Debra Waterhouse, M.P.H., R.D., author of Outsmarting the Female Fat Cell and Outsmarting Fatigue
". . . open this book, and you’ll be opening up endless possibilities for a healthy, long, and vital life."
Customer Reviews
Some structural problems with this book...
I have no comments as yet about the content of this book -- I'm trying it out and will have to see for myself how the advice works for me. (I will say that it's kind of hard to argue with someone who tells you to stop eating donuts and start working out, and I for one am glad to have qualified advice on how to approximate a more natural diet with the foods that are available today. Not all of us have the wherewithal to track down gazelle.)
However, as an ex-tech writer, I do have to comment about the structure of this book. Some chapters are straightforward heading/sub-heading text, but once the guidelines and lists and tip callouts start, you're in trouble. I found it incredibly difficult to determine which set of "Five Habits" or "Seven Guidelines" I was reading. I'd routinely run into, say, item four of some continuing list and have to flip back to remind myself what subject I was on.
This book needs:
- fewer and clearer heading styles
- fewer and clearer numbering styles (ABC, 123, and bullets abound...)
- a page design that differentiates between central content and informational asides.
I am looking forward to the Origin Diet Cookbook should such a thing be in the offing (not to mention the Origin Diet Shopping Guide -- where DOES one obtain bison burger, anyway?) However, I hope that future offerings are a little more carefully designed than this one.
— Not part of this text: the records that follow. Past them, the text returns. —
lemma lightweight_init_neighbours:
  assumes g: "simple_graph V E" and H0: "lightweight_init V E w K E0"
    and e: "e \<in> E" "e \<notin> E0" "v \<in> e"
  obtains N where "N \<subseteq> V" "card N = K" "\<forall>u\<in>N. {v, u} \<in> E \<and> w {v, u} \<le> w e"
proof -
  obtain L where L: "\<forall>v\<in>V. L v \<subseteq> incident E v \<and> card (L v) = min K (card (incident E v)) \<and>
      (\<forall>e\<in>L v. \<forall>f\<in>incident E v - L v. w e \<le> w f)" and E0: "E0 = (\<Union>v\<in>V. L v)"
    using H0 unfolding lightweight_init_def by blast
  have v: "v \<in> V" using g e by (auto simp: simple_graph_def)
  have ei: "e \<in> incident E v - L v" using e v E0 by (auto simp: incident_def)
  have "card (L v) < card (incident E v)"
    using L v ei simple_graph_finite_edges[OF g]
    by (intro psubset_card_mono) (auto simp: incident_def)
  then have cL: "card (L v) = K" using L v by simp
  define N where "N = {u. {v, u} \<in> L v}"
  have "bij_betw (\<lambda>u. {v, u}) N (L v)"
  proof (rule bij_betwI')
    fix u u' assume "u \<in> N" "u' \<in> N"
    then have "{v, u} \<in> E" "{v, u'} \<in> E" using L v by (auto simp: incident_def N_def)
    then have "u \<noteq> v" "u' \<noteq> v" using simple_graph_edgeD[OF g] by blast+
    then show "({v, u} = {v, u'}) = (u = u')" by (auto simp: doubleton_eq_iff)
  next
    fix f assume f: "f \<in> L v"
    then have "f \<in> E" "v \<in> f" using L v by (auto simp: incident_def)
    then obtain a b where "f = {a, b}" using g by (auto simp: simple_graph_def)
    then have "f = {v, if v = a then b else a}" using \<open>v \<in> f\<close> by auto
    then show "\<exists>u\<in>N. f = {v, u}" using f by (auto simp: N_def)
  qed (simp add: N_def)
  then have "card N = K" using cL by (simp add: bij_betw_same_card)
  moreover have "\<forall>u\<in>N. {v, u} \<in> E \<and> w {v, u} \<le> w e"
    using L v ei by (auto simp: N_def incident_def)
  moreover have "N \<subseteq> V"
    using L v simple_graph_edgeD[OF g] unfolding N_def incident_def by blast
  ultimately show ?thesis using that by blast
qed

lemma missing_edge_anchors:
  fixes E0 :: "'a set set"
  assumes wpos: "\<forall>e\<in>set (edges_of p). 0 < w e"
  defines "k \<equiv> length (filter (\<lambda>e. e \<notin> E0) (edges_of p))"
  obtains f :: "nat \<Rightarrow> nat" and e :: "nat \<Rightarrow> 'a set"
  where "\<forall>c<k. f c < length p \<and> e c \<in> set (edges_of p) \<and> e c \<notin> E0 \<and> p ! f c \<in> e c"
    and "\<forall>c d. c + 3 \<le> d \<longrightarrow> d < k \<longrightarrow>
           w (e c) + w (e d) < prefix_weight w p (f d) - prefix_weight w p (f c)"
proof -
  define I where "I = {i. i < length (edges_of p) \<and> edges_of p ! i \<notin> E0}"
  have k: "k = card I" by (simp add: k_def I_def length_filter_conv_card)
  have inc: "prefix_weight w p (Suc i) - prefix_weight w p i = w (edges_of p ! i)" if "i \<in> I" for i
  proof -
    have "Suc i < length p" using that by (auto simp: I_def length_edges_of)
    then show ?thesis by (simp add: prefix_weight_Suc)
  qed
  have mono: "mono (prefix_weight w p)"
    using wpos by (intro prefix_weight_mono) (auto simp: less_imp_le)
  have fin: "finite I" by (simp add: I_def)
  have pos: "\<forall>i\<in>I. prefix_weight w p i < prefix_weight w p (Suc i)"
  proof
    fix i assume i: "i \<in> I"
    then have "edges_of p ! i \<in> set (edges_of p)" by (simp add: I_def)
    then show "prefix_weight w p i < prefix_weight w p (Suc i)" using inc[OF i] wpos by force
  qed
  obtain g f
    where gf: "\<forall>c<card I. g c \<in> I \<and> (f c = g c \<or> f c = Suc (g c))"
      and spread: "\<forall>c d. c + 3 \<le> d \<longrightarrow> d < card I \<longrightarrow>
         (prefix_weight w p (Suc (g c)) - prefix_weight w p (g c))
           + (prefix_weight w p (Suc (g d)) - prefix_weight w p (g d))
         < prefix_weight w p (f d) - prefix_weight w p (f c)"
    using marked_increment_anchors[OF mono fin pos] by blast
  define e where "e c = edges_of p ! g c" for c
  have "f c < length p \<and> e c \<in> set (edges_of p) \<and> e c \<notin> E0 \<and> p ! f c \<in> e c" if "c < k" for c
    using gf that nth_edges_of[of "g c" p]
    by (auto simp: k e_def I_def length_edges_of)
  moreover have "w (e c) + w (e d) < prefix_weight w p (f d) - prefix_weight w p (f c)"
    if "c + 3 \<le> d" "d < k" for c d
    using spread that gf inc by (simp add: k e_def)
  ultimately show ?thesis using that by blast
qed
What an excellent book! The best I have ever read
Elizabeth Somer has done it again. The Origin Diet is insightful and presents sound nutritional idea in a way that is easy to understand without oversimplifying this difficult subject. Our ancestors ate a mixed diet of plants and lean game. By staying close to our origins, we provide our bodies what they need and deserve. I have found this book to be an excellent addition to my library. Read it for yourself and make up your own mind.
Absurd Nonsense
Dietician Elizabeth Somer has done it again: she has written yet another politically correct nutrition book that has little truth in it. In this one, she's attemtping to cash in on the current interest in the Paleolithic diet--the way our ancestors ate.
Somer starts off by rightly stating that for 99% of its history, humanity lived and thrived on a hunter-gatherer diet and that widespread use of agricultural foods is a relatively recent phenomenon. She rightly states that, at the genetic level, people are still the Paleolithic eaters of yesteryear, implying that we should eat more Paleolithic foods.
After that, her premise gets thrown right out the window and she recommends such modern food items as skim milk, whole grains, low-fat cheese, and soybeans! I'd like to see evidence of paleolithic peoples eating a bowl of brown rice. It is just stupid and historically impossible. Her book is full of Food Pyramid hogwash--from misinformation on fatty acids to eating tons of grains to maintain optimal health.
Don't waste your money on this piece of unmitigated garbage. Better and more accurate buys would be Allan and Lutz' book LIFE WITHOUT BREAD, Weston price's NUTRITION AND PHYSICAL DEGENERATION, or Fallon and Enig's NOURISHING TRADITIONS.